▶ [What you need to do]: Each entry below must appear in the answer exactly as written.

##### Material provided #####

(* Let $\mathcal F,\mathcal F'$ be $\rho$-flags on $V,V'$ with fixed adapted bases $(v_i),(v'_i)$. Define $F:U(M(\rho,k))\times{\rm Aut}_0(\mathcal C)\times\mathcal T\to{\rm Iso}_{alg}({\rm End}(\mathcal F),{\rm End}(\mathcal F'))$ by $F(A,g,(a_{ij}))=\varphi$, where $\varphi$ is the linear map with $\varphi(E_{ij})=F_{ij}$ for all $i\rho j$, with $F_{ij}$ constructed as follows: $(w_1,\dots,w_n)=(v'_1,\dots,v'_n)A^g$, $F_{ij}(w_j)=a_{ij}w_i$ and $F_{ij}(w_r)=0$ for $r\neq j$. Then $F$ is well defined (each such $\varphi$ is an algebra isomorphism ${\rm End}(\mathcal F)\to{\rm End}(\mathcal F')$) and $F$ is surjective: every algebra isomorphism ${\rm End}(\mathcal F)\to{\rm End}(\mathcal F')$ is of the form $F(A,g,(a_{ij})_{i\rho j})$.
   Context: Let $k$ be a field, $n\ge 1$, $\rho$ a preorder on $\{1,\dots,n\}$, $M(\rho,k)$ the subalgebra of $M_n(k)$ of matrices with $(i,j)$-entry $0$ whenever $(i,j)\notin\rho$, and $U(M(\rho,k))$ its group of invertible elements. Write $i\sim j$ iff $i\rho j$ and $j\rho i$; $\mathcal C$ is the set of classes, $\hat i$ the class of $i$, ordered by $\hat i\le\hat j$ iff $i\rho j$; $m_\alpha=|\alpha|$. A $\rho$-flag $(V,(V_\alpha)_{\alpha\in\mathcal C})$ is an $n$-dimensional space with subspaces $V_\alpha$ admitting a basis $B=\bigcup_\alpha B_\alpha$ (disjoint) with $|B_\alpha|=m_\alpha$ and $\bigcup_{\beta\le\alpha}B_\beta$ a basis of $V_\alpha$; ${\rm End}(\mathcal F)$ is the algebra of linear $f:V\to V$ with $f(V_\alpha)\subseteq V_\alpha$. An adapted basis $(v_i)_{1\le i\le n}$ of $V$ is one with $\{v_i:\hat i\le\alpha\}$ a basis of $V_\alpha$ for all $\alpha$; for $i\rho j$, $E_{ij}(v_t)=\delta_{jt}v_i$. ${\rm Aut}_0(\mathcal C)$ is the group of poset automorphisms $g$ of $\mathcal C$ with $m_{g(\alpha)}=m_\alpha$ for all $\alpha$. For $g\in{\rm Aut}_0(\mathcal C)$, $\tilde g\in S_n$ is defined by: if $\alpha=\{i_1<\dots<i_r\}$ and $g(\alpha)=\{j_1<\dots<j_r\}$ then $\tilde g(i_s)=j_s$. For $A\in M_n(k)$, $A^g$ is the matrix whose $(i,j)$-entry is the $(i,\tilde g(j))$-entry of $A$. $\mathcal T$ is the set of families $(a_{ij})_{i\rho j}$ in $k^*$ with $a_{ij}a_{jr}=a_{ir}$ whenever $i\rho j$, $j\rho r$. $(w_1,\dots,w_n)=(v'_1,\dots,v'_n)M$ means $w_j=\sum_i M_{ij}v'_i$. *)

theory Defs
  imports Complex_Main
begin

#####

▶ [Answer space]:
(* Let $\mathcal F,\mathcal F'$ be $\rho$-flags on $V,V'$ with fixed adapted bases $(v_i),(v'_i)$. Define $F:U(M(\rho,k))\times{\rm Aut}_0(\mathcal C)\times\mathcal T\to{\rm Iso}_{alg}({\rm End}(\mathcal F),{\rm End}(\mathcal F'))$ by $F(A,g,(a_{ij}))=\varphi$, where $\varphi$ is the linear map with $\varphi(E_{ij})=F_{ij}$ for all $i\rho j$, with $F_{ij}$ constructed as follows: $(w_1,\dots,w_n)=(v'_1,\dots,v'_n)A^g$, $F_{ij}(w_j)=a_{ij}w_i$ and $F_{ij}(w_r)=0$ for $r\neq j$. Then $F$ is well defined (each such $\varphi$ is an algebra isomorphism ${\rm End}(\mathcal F)\to{\rm End}(\mathcal F')$) and $F$ is surjective: every algebra isomorphism ${\rm End}(\mathcal F)\to{\rm End}(\mathcal F')$ is of the form $F(A,g,(a_{ij})_{i\rho j})$.
   Context: Let $k$ be a field, $n\ge 1$, $\rho$ a preorder on $\{1,\dots,n\}$, $M(\rho,k)$ the subalgebra of $M_n(k)$ of matrices with $(i,j)$-entry $0$ whenever $(i,j)\notin\rho$, and $U(M(\rho,k))$ its group of invertible elements. Write $i\sim j$ iff $i\rho j$ and $j\rho i$; $\mathcal C$ is the set of classes, $\hat i$ the class of $i$, ordered by $\hat i\le\hat j$ iff $i\rho j$; $m_\alpha=|\alpha|$. A $\rho$-flag $(V,(V_\alpha)_{\alpha\in\mathcal C})$ is an $n$-dimensional space with subspaces $V_\alpha$ admitting a basis $B=\bigcup_\alpha B_\alpha$ (disjoint) with $|B_\alpha|=m_\alpha$ and $\bigcup_{\beta\le\alpha}B_\beta$ a basis of $V_\alpha$; ${\rm End}(\mathcal F)$ is the algebra of linear $f:V\to V$ with $f(V_\alpha)\subseteq V_\alpha$. An adapted basis $(v_i)_{1\le i\le n}$ of $V$ is one with $\{v_i:\hat i\le\alpha\}$ a basis of $V_\alpha$ for all $\alpha$; for $i\rho j$, $E_{ij}(v_t)=\delta_{jt}v_i$. ${\rm Aut}_0(\mathcal C)$ is the group of poset automorphisms $g$ of $\mathcal C$ with $m_{g(\alpha)}=m_\alpha$ for all $\alpha$. For $g\in{\rm Aut}_0(\mathcal C)$, $\tilde g\in S_n$ is defined by: if $\alpha=\{i_1<\dots<i_r\}$ and $g(\alpha)=\{j_1<\dots<j_r\}$ then $\tilde g(i_s)=j_s$. For $A\in M_n(k)$, $A^g$ is the matrix whose $(i,j)$-entry is the $(i,\tilde g(j))$-entry of $A$. $\mathcal T$ is the set of families $(a_{ij})_{i\rho j}$ in $k^*$ with $a_{ij}a_{jr}=a_{ir}$ whenever $i\rho j$, $j\rho r$. $(w_1,\dots,w_n)=(v'_1,\dots,v'_n)M$ means $w_j=\sum_i M_{ij}v'_i$. *)

theory Defs
  imports Complex_Main
begin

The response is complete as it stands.